Мы с Диланом сидели за столиком и прощались, нам предстояло расстаться на год. Минус две недели.
– Что ж, до следующего года, – сказал Дилан.
– До следующего года, Дилан.
– Дашь мне свой номер, Салли Мо? Будем звонить друг другу, писать сообщения?
Такого он раньше не предлагал.
– Я буду слать тебе письма, – ответила я. – Дашь адрес?
– Пиши, если не можешь иначе, но ответа не жди. Я даже не представляю, куда клеить марку.
Мы еще не знали, что в четверг вернемся на остров за палатками.
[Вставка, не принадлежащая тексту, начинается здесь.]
lemma mixed_pd_mean_value:
  fixes \<phi> :: "real \<times> real \<Rightarrow> real"
  assumes h: "0 < h" and box: "{a..a+h} \<times> {b..b+h} \<subseteq> U"
    and diff: "\<And>x. x \<in> U \<Longrightarrow> \<phi> differentiable (at x)"
      "\<And>x. x \<in> U \<Longrightarrow> pd 0 \<phi> differentiable (at x)"
      "\<And>x. x \<in> U \<Longrightarrow> pd 1 \<phi> differentiable (at x)"
  obtains \<xi> \<eta> \<xi>' \<eta>' where "\<xi> \<in> {a<..<a+h}" "\<eta> \<in> {b<..<b+h}" "\<xi>' \<in> {a<..<a+h}" "\<eta>' \<in> {b<..<b+h}"
    and "pd 1 (pd 0 \<phi>) (\<xi>,\<eta>) = pd 0 (pd 1 \<phi>) (\<xi>',\<eta>')"
proof -
  \<comment> \<open>Apply the mean value theorem twice to the second difference, in both orders.\<close>
  define \<Delta> where "\<Delta> = (\<phi>(a+h,b+h) - \<phi>(a+h,b)) - (\<phi>(a,b+h) - \<phi>(a,b))"
  have inU: "(s,t) \<in> U" if "a \<le> s" "s \<le> a+h" "b \<le> t" "t \<le> b+h" for s t
    using box that by auto
  obtain \<xi> where \<xi>: "a < \<xi>" "\<xi> < a+h" and e1: "\<Delta> = h * (pd 0 \<phi> (\<xi>,b+h) - pd 0 \<phi> (\<xi>,b))"
  proof -
    have "\<exists>\<xi>. a < \<xi> \<and> \<xi> < a+h \<and> \<Delta> = (a+h-a) * (pd 0 \<phi> (\<xi>,b+h) - pd 0 \<phi> (\<xi>,b))"
      unfolding \<Delta>_def using h inU diff(1)
      by (intro MVT2[where f="\<lambda>s. \<phi>(s,b+h) - \<phi>(s,b)"]) (auto intro!: DERIV_diff has_real_derivative_pd_horizontal)
    then show thesis using that by auto
  qed
  obtain \<eta> where \<eta>: "b < \<eta>" "\<eta> < b+h"
    and e2: "pd 0 \<phi> (\<xi>,b+h) - pd 0 \<phi> (\<xi>,b) = h * pd 1 (pd 0 \<phi>) (\<xi>,\<eta>)"
  proof -
    have "\<exists>\<eta>. b < \<eta> \<and> \<eta> < b+h \<and> pd 0 \<phi> (\<xi>,b+h) - pd 0 \<phi> (\<xi>,b) = (b+h-b) * pd 1 (pd 0 \<phi>) (\<xi>,\<eta>)"
    proof (rule MVT2[where f="\<lambda>t. pd 0 \<phi> (\<xi>,t)"])
      fix t assume "b \<le> t" "t \<le> b+h"
      then show "((\<lambda>t. pd 0 \<phi> (\<xi>,t)) has_real_derivative pd 1 (pd 0 \<phi>) (\<xi>,t)) (at t)"
        using \<xi> by (intro has_real_derivative_pd_vertical diff(2) inU) auto
    qed (use h in simp)
    then show thesis using that by auto
  qed
  obtain \<eta>' where \<eta>': "b < \<eta>'" "\<eta>' < b+h" and e3: "\<Delta> = h * (pd 1 \<phi> (a+h,\<eta>') - pd 1 \<phi> (a,\<eta>'))"
  proof -
    have "\<exists>\<eta>'. b < \<eta>' \<and> \<eta>' < b+h \<and> (\<phi>(a+h,b+h) - \<phi>(a,b+h)) - (\<phi>(a+h,b) - \<phi>(a,b))
        = (b+h-b) * (pd 1 \<phi> (a+h,\<eta>') - pd 1 \<phi> (a,\<eta>'))"
    proof (rule MVT2[where f="\<lambda>t. \<phi>(a+h,t) - \<phi>(a,t)"])
      fix t assume "b \<le> t" "t \<le> b+h"
      then show "((\<lambda>t. \<phi>(a+h,t) - \<phi>(a,t)) has_real_derivative pd 1 \<phi> (a+h,t) - pd 1 \<phi> (a,t)) (at t)"
        using h by (intro DERIV_diff has_real_derivative_pd_vertical diff(1) inU) auto
    qed (use h in simp)
    then show thesis using that unfolding \<Delta>_def by (auto simp: algebra_simps)
  qed
  obtain \<xi>' where \<xi>': "a < \<xi>'" "\<xi>' < a+h"
    and e4: "pd 1 \<phi> (a+h,\<eta>') - pd 1 \<phi> (a,\<eta>') = h * pd 0 (pd 1 \<phi>) (\<xi>',\<eta>')"
  proof -
    have "\<exists>\<xi>'. a < \<xi>' \<and> \<xi>' < a+h \<and> pd 1 \<phi> (a+h,\<eta>') - pd 1 \<phi> (a,\<eta>') = (a+h-a) * pd 0 (pd 1 \<phi>) (\<xi>',\<eta>')"
      using h \<eta>' inU diff(3)
      by (intro MVT2[where f="\<lambda>s. pd 1 \<phi> (s,\<eta>')"]) (auto intro!: has_real_derivative_pd_horizontal)
    then show thesis using that by auto
  qed
  have "\<Delta> = h * (h * pd 1 (pd 0 \<phi>) (\<xi>,\<eta>))" "\<Delta> = h * (h * pd 0 (pd 1 \<phi>) (\<xi>',\<eta>'))"
    using e1 e2 e3 e4 by simp_all
  then have "pd 1 (pd 0 \<phi>) (\<xi>,\<eta>) = pd 0 (pd 1 \<phi>) (\<xi>',\<eta>')" using h by simp
  then show thesis using that \<xi> \<eta> \<xi>' \<eta>' by simp
qed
Уже светло, птицы поют что есть мочи, но люди еще спят. Мироздание, будь оно неладно, блистает во всем своем великолепии, но никто этого не видит, никто не слышит.
6:30
Я буду верить в рай, иначе непонятно, зачем все это вообще. В рай, но не в бога. Я буду верить в рай, в котором люди – одни только мысли, без кожи, костей, мышц. И даже ночью видно, о чем они думают, на самом деле думают, потому что их мысли светятся в темноте. Если бы в жизни все обстояло таким образом, я бы справлялась с ней получше. Я хочу сказать: настоящая жизнь, о которой говорит доктор Блум, слишком тяжела, слишком сложна для меня. И ему это известно. По-моему, он чувствует то же самое.
– Что ты делаешь, Салли Мо? – спрашивает Дилан.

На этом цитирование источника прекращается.